U schrijft in uw brief dat deze vorm van verhuur een ongewenste praktijk is. Daarbij wijst u er bovendien op dat elke gemeente verplicht is een meldpunt in te stellen waar dit soort praktijken aanhangig gemaakt kunnen worden en spreekt u de hoop uit dat de betreffende studenten de weg naar dit meldpunt weten te vinden. De commissie ziet echter niet hoe dit een antwoord biedt op de gestelde problematiek. Het instellen van een meldpunt is behulpzaam voor de aanpak van illegale praktijken, maar de desbetreffende student is er in persoon niet mee geholpen, integendeel. Door melding te doen van zijn of haar situatie wordt het eigen probleem eerder vergroot dan verkleind, omdat de student daarmee het risico loopt zijn of haar woonruimte te verliezen. Deelt u deze analyse? Zo nee, waarom niet?

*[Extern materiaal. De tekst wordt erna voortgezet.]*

(* Let $\mathcal B$ be an extriangulated category with enough injectives. If a subcategory $\mathcal C$ is rigid, closed under direct summands and fully contravariantly finite, then $(\mathcal C,\mathcal C^{\perp_1})$ is a cotorsion pair.
   Context: $(\mathcal B,\mathbb E,\mathfrak s)$ is an extriangulated category (Nakaoka–Palu); conflations $A\rightarrowtail B\twoheadrightarrow C$. Subcategories are full, additive, closed under isomorphisms and finite direct sums. $\mathcal C^{\perp_1}=\{B\mid \mathbb E(\mathcal C,B)=0\}$; $\mathcal C$ is rigid if $\mathbb E(\mathcal C,\mathcal C)=0$. $\mathcal C$ is fully contravariantly finite if every object admits a right $\mathcal C$-approximation which is a deflation. A cotorsion pair $(\mathcal U,\mathcal V)$ is a pair of subcategories closed under direct summands with $\mathbb E(\mathcal U,\mathcal V)=0$ such that every $B$ admits conflations $V_B\rightarrowtail U_B\twoheadrightarrow B$ and $B\rightarrowtail V^B\twoheadrightarrow U^B$ with $U_B,U^B\in\mathcal U$, $V_B,V^B\in\mathcal V$. *)

theory Defs
  imports Main
begin

section \<open>Extriangulated categories (Nakaoka--Palu), encoded concretely\<close>

text \<open>A category with objects of type 'o and morphisms of type 'm, given by a set of
objects, a set of morphisms with source/target, composition (cmp g f = g o f) and identities.
The bifunctor E is given by a set of extensions of type 'e, each with its two ends:
ext_C d = C and ext_A d = A for d in E(C,A); with group operations and the actions
push a = a_* and pull c = c^*.  real d x y means that the sequence A -x-> B -y-> C
belongs to the equivalence class s(d).\<close>

record ('o, 'm, 'e) excat =
  Obj :: "'o set"
  Arr :: "'m set"
  src :: "'m \<Rightarrow> 'o"
  tgt :: "'m \<Rightarrow> 'o"
  cmp :: "'m \<Rightarrow> 'm \<Rightarrow> 'm"
  idm :: "'o \<Rightarrow> 'm"
  madd :: "'m \<Rightarrow> 'm \<Rightarrow> 'm"
  mzero :: "'o \<Rightarrow> 'o \<Rightarrow> 'm"
  mneg :: "'m \<Rightarrow> 'm"
  Ext :: "'e set"
  ext_C :: "'e \<Rightarrow> 'o"
  ext_A :: "'e \<Rightarrow> 'o"
  eadd :: "'e \<Rightarrow> 'e \<Rightarrow> 'e"
  ezero :: "'o \<Rightarrow> 'o \<Rightarrow> 'e"
  eneg :: "'e \<Rightarrow> 'e"
  push :: "'m \<Rightarrow> 'e \<Rightarrow> 'e"
  pull :: "'m \<Rightarrow> 'e \<Rightarrow> 'e"
  real :: "'e \<Rightarrow> 'm \<Rightarrow> 'm \<Rightarrow> bool"

definition hom :: "('o,'m,'e) excat \<Rightarrow> 'o \<Rightarrow> 'o \<Rightarrow> 'm set" where
  "hom B X Y = {f \<in> Arr B. src B f = X \<and> tgt B f = Y}"

definition E :: "('o,'m,'e) excat \<Rightarrow> 'o \<Rightarrow> 'o \<Rightarrow> 'e set" where
  "E B C A = {d \<in> Ext B. ext_C B d = C \<and> ext_A B d = A}"

definition category :: "('o,'m,'e) excat \<Rightarrow> bool" where
  "category B \<longleftrightarrow>
    (\<forall>f\<in>Arr B. src B f \<in> Obj B \<and> tgt B f \<in> Obj B) \<and>
    (\<forall>X\<in>Obj B. idm B X \<in> hom B X X) \<and>
    (\<forall>X Y Z f g. f \<in> hom B X Y \<longrightarrow> g \<in> hom B Y Z \<longrightarrow> cmp B g f \<in> hom B X Z) \<and>
    (\<forall>W X Y Z f g h. f \<in> hom B W X \<longrightarrow> g \<in> hom B X Y \<longrightarrow> h \<in> hom B Y Z \<longrightarrow>
        cmp B h (cmp B g f) = cmp B (cmp B h g) f) \<and>
    (\<forall>X Y f. f \<in> hom B X Y \<longrightarrow> cmp B f (idm B X) = f \<and> cmp B (idm B Y) f = f)"
section \<open>The deterministic estimate\<close>

text \<open>In the lemmas of this section, \<open>A\<close> and \<open>I\<close> are the real and imaginary parts of
  \<open>x\<^sub>\<star>\<^sup>* h\<close>, \<open>\<beta>\<close> is the norm of the component of \<open>h\<close> orthogonal to \<open>x\<^sub>\<star>\<close> and
  \<open>\<rho> = \<surd>(\<beta>\<^sup>2 + A\<^sup>2)\<close>.\<close>

lemma cone_condition_imp_lower_bound:
  fixes \<delta> A \<beta> \<rho> :: real
  assumes \<delta>: "0 < \<delta>" "\<delta> < 1" and \<beta>: "\<beta> \<ge> 0" and \<rho>: "\<rho> \<ge> 0" and \<rho>_sq: "\<rho>\<^sup>2 = \<beta>\<^sup>2 + A\<^sup>2"
    and cone: "- sqrt (1 - \<delta>\<^sup>2) * \<beta> \<le> \<delta> * A"
  shows "- sqrt (1 - \<delta>\<^sup>2) * \<rho> \<le> A"
proof (cases "A \<ge> 0")
  case True
  moreover have "0 \<le> sqrt (1 - \<delta>\<^sup>2) * \<rho>" using \<delta> \<rho> by (simp add: power_le_one)
  ultimately show ?thesis by linarith
next
  case False
  have s_sq: "(sqrt (1 - \<delta>\<^sup>2))\<^sup>2 = 1 - \<delta>\<^sup>2" using \<delta> by (simp add: power_le_one)
  have "\<delta> * (- A) \<le> sqrt (1 - \<delta>\<^sup>2) * \<beta>" "0 \<le> \<delta> * (- A)"
    using cone False \<delta> by (simp_all add: mult_pos_neg less_imp_le)
  then have "(\<delta> * (- A))\<^sup>2 \<le> (sqrt (1 - \<delta>\<^sup>2) * \<beta>)\<^sup>2"
    by (rule power_mono)
  then have "\<delta>\<^sup>2 * A\<^sup>2 \<le> (1 - \<delta>\<^sup>2) * \<beta>\<^sup>2" by (simp add: power_mult_distrib s_sq)
  then have "A\<^sup>2 \<le> (sqrt (1 - \<delta>\<^sup>2) * \<rho>)\<^sup>2"
    by (simp add: power_mult_distrib s_sq \<rho>_sq algebra_simps)
  then have "\<bar>A\<bar> \<le> sqrt (1 - \<delta>\<^sup>2) * \<rho>"
    using \<rho> \<delta> by (simp add: abs_le_square_iff[symmetric] power_le_one)
  then show ?thesis by linarith
qed
text \<open>A 2-graph (V,H,nu,iota;S,mu,sigma1,sigma2), with carrier sets V, H, S
  inside ambient types; all maps are only constrained on the carriers.\<close>

definition two_graph ::
  "'v set \<Rightarrow> 'h set \<Rightarrow> ('h \<Rightarrow> 'v) \<Rightarrow> ('h \<Rightarrow> 'h) \<Rightarrow>
   's set \<Rightarrow> ('s \<Rightarrow> 'h) \<Rightarrow> ('s \<Rightarrow> 's) \<Rightarrow> ('s \<Rightarrow> 's) \<Rightarrow> bool" where
  "two_graph V H \<nu> \<iota> S \<mu> \<sigma>1 \<sigma>2 \<longleftrightarrow>
     finite V \<and> finite H \<and> finite S \<and>
     (\<forall>h\<in>H. \<nu> h \<in> V) \<and>
     (\<forall>s\<in>S. \<mu> s \<in> H) \<and>
     (\<forall>h\<in>H. \<iota> h \<in> H \<and> \<iota> (\<iota> h) = h) \<and>
     (\<forall>s\<in>S. \<sigma>1 s \<in> S \<and> \<sigma>1 (\<sigma>1 s) = s \<and> \<sigma>1 s \<noteq> s) \<and>
     (\<forall>s\<in>S. \<nu> (\<mu> (\<sigma>1 s)) = \<nu> (\<mu> s)) \<and>
     (\<forall>s\<in>S. \<sigma>2 s \<in> S \<and> \<sigma>2 (\<sigma>2 s) = s) \<and>
     (\<forall>s\<in>S. \<iota> (\<mu> s) = \<mu> (\<sigma>2 s)) \<and>
     (\<forall>s\<in>S. \<sigma>2 s = s \<longleftrightarrow> \<iota> (\<mu> s) = \<mu> s)"

definition int_edges :: "'h set \<Rightarrow> ('h \<Rightarrow> 'h) \<Rightarrow> 'h set set" where
  "int_edges H \<iota> = {{h, \<iota> h} | h. h \<in> H \<and> \<iota> h \<noteq> h}"
(* Let $p$ be an odd prime, $G$ a finite group and $P$ a Sylow $p$-subgroup of $G$. Assume that $P$ is nontrivial and that $N_G(P)/PC_G(P)$ has odd order. Then no nonidentity element of $Z(P)$ is real in $G$.
   Context: An element $t \in G$ is real in $G$ if $t$ is $G$-conjugate to $t^{-1}$. $Z(P)$ is the center of $P$. *)

theory Defs
  imports "HOL-Algebra.Sylow" "HOL-Algebra.Group_Action" "HOL-Computational_Algebra.Primes"
begin

definition centralizer :: "('a, 'b) monoid_scheme \<Rightarrow> 'a set \<Rightarrow> 'a set" where
  "centralizer G H = {g \<in> carrier G. \<forall>h \<in> H. g \<otimes>\<^bsub>G\<^esub> h = h \<otimes>\<^bsub>G\<^esub> g}"

definition group_center :: "('a, 'b) monoid_scheme \<Rightarrow> 'a set \<Rightarrow> 'a set" where
  "group_center G P = {z \<in> P. \<forall>h \<in> P. z \<otimes>\<^bsub>G\<^esub> h = h \<otimes>\<^bsub>G\<^esub> z}"

definition sylow_subgroup :: "('a, 'b) monoid_scheme \<Rightarrow> nat \<Rightarrow> 'a set \<Rightarrow> bool" where
  "sylow_subgroup G p P \<longleftrightarrow> subgroup P G \<and> (\<exists>a. card P = p ^ a) \<and>
     \<not> p dvd (order G div card P)"

definition real_in :: "('a, 'b) monoid_scheme \<Rightarrow> 'a \<Rightarrow> bool" where
  "real_in G t \<longleftrightarrow> t \<in> carrier G \<and>
     (\<exists>g \<in> carrier G. g \<otimes>\<^bsub>G\<^esub> t \<otimes>\<^bsub>G\<^esub> inv\<^bsub>G\<^esub> g = inv\<^bsub>G\<^esub> t)"

end

theory Submission
  imports Defs "HOL-Algebra.Zassenhaus" "HOL-Algebra.Multiplicative_Group"
begin

text \<open>
  Suppose \<open>z \<in> Z(P)\<close>, \<open>z \<noteq> 1\<close>, is inverted by \<open>g\<close>. Then \<open>gPg\<^sup>-\<^sup>1\<close> also centralizes \<open>z\<close>, so \<open>P\<close> and
  \<open>gPg\<^sup>-\<^sup>1\<close> are Sylow subgroups of \<open>C = C\<^sub>G(z)\<close>; counting fixed points of \<open>P\<close> on the right
  \<open>P\<close>-cosets inside \<open>Cg\<close> (Sylow conjugacy plus the Frattini argument) gives \<open>c \<in> C\<close> such that
  \<open>n = cg\<close> normalizes \<open>P\<close>; \<open>n\<close> still inverts \<open>z\<close>. As \<open>|P|\<close> is odd, \<open>z \<noteq> z\<^sup>-\<^sup>1\<close>, so
  \<open>N\<^sub>G(P) \<inter> C\<close> has index 2 in the subgroup of elements of \<open>N\<^sub>G(P)\<close> sending \<open>z\<close> to \<open>z\<^sup>\<plusminus>\<^sup>1\<close>.
  Since \<open>PC\<^sub>G(P) \<subseteq> N\<^sub>G(P) \<inter> C\<close>, the order of \<open>N\<^sub>G(P)/PC\<^sub>G(P)\<close> would be even.
\<close>

definition conjugate :: "('a, 'b) monoid_scheme \<Rightarrow> 'a \<Rightarrow> 'a \<Rightarrow> 'a" where
  "conjugate G g x = g \<otimes>\<^bsub>G\<^esub> x \<otimes>\<^bsub>G\<^esub> inv\<^bsub>G\<^esub> g"

lemma group_actionI:
  fixes G (structure)
  assumes "group G"
    and closed: "\<And>g x. g \<in> carrier G \<Longrightarrow> x \<in> E \<Longrightarrow> f g x \<in> E"
    and one: "\<And>x. x \<in> E \<Longrightarrow> f \<one> x = x"
    and mult: "\<And>g h x. g \<in> carrier G \<Longrightarrow> h \<in> carrier G \<Longrightarrow> x \<in> E \<Longrightarrow>
      f (g \<otimes> h) x = f g (f h x)"
  shows "group_action G E (\<lambda>g. \<lambda>x\<in>E. f g x)"
proof -
  interpret group G by fact
  have bij: "(\<lambda>x\<in>E. f g x) \<in> Bij E" if g: "g \<in> carrier G" for g
  proof -
    have "f g (f (inv g) x) = x" "f (inv g) (f g x) = x" if "x \<in> E" for x
      using mult[of g "inv g" x] mult[of "inv g" g x] one g that by simp_all
    then have "bij_betw (f g) E E"
      by (intro bij_betwI[where g = "f (inv g)"]) (auto simp: closed g)
    then show ?thesis by (simp add: Bij_def)
  qed
  have "(\<lambda>g. \<lambda>x\<in>E. f g x) \<in> hom G (BijGroup E)"
  proof (rule homI)
    fix g h assume "g \<in> carrier G" "h \<in> carrier G"
    then show "(\<lambda>x\<in>E. f (g \<otimes> h) x) = (\<lambda>x\<in>E. f g x) \<otimes>\<^bsub>BijGroup E\<^esub> (\<lambda>x\<in>E. f h x)"
      using bij by (auto simp: BijGroup_def compose_def mult closed)
  qed (auto simp: BijGroup_def bij)
  then show ?thesis
    by (simp add: group_action_def group_hom_def group_hom_axioms_def group_BijGroup)
qed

De commissie heeft de toezegging zo begrepen dat u zou bekijken of u iets kunt betekenen voor de studenten die zich in deze problematische situatie bevinden. Het bovenstaande antwoord is in formele zin een antwoord, maar in materiële zin niet. De commissie vraagt u dan ook of u zich hier nogmaals over zou kunnen buigen, en bijvoorbeeld zou kunnen overwegen om studenten die dergelijke misstanden in verhuur aankaarten, te ondersteunen (bijvoorbeeld juridisch) dan wel te beschermen tegen de mogelijke negatieve gevolgen van het melden van deze misstanden. Het kan gaan om financiële gevolgen (korting op de uitwonendenbeurs) of andere negatieve consequenties (bijvoorbeeld huisuitzetting). Deelt u de analyse dat een goede ondersteuning en bescherming van deze studenten de meldingsbereidheid zullen verhogen Zo ja, kunt u een inschatting maken van de omvang van dit effect? Zo nee, waarom niet?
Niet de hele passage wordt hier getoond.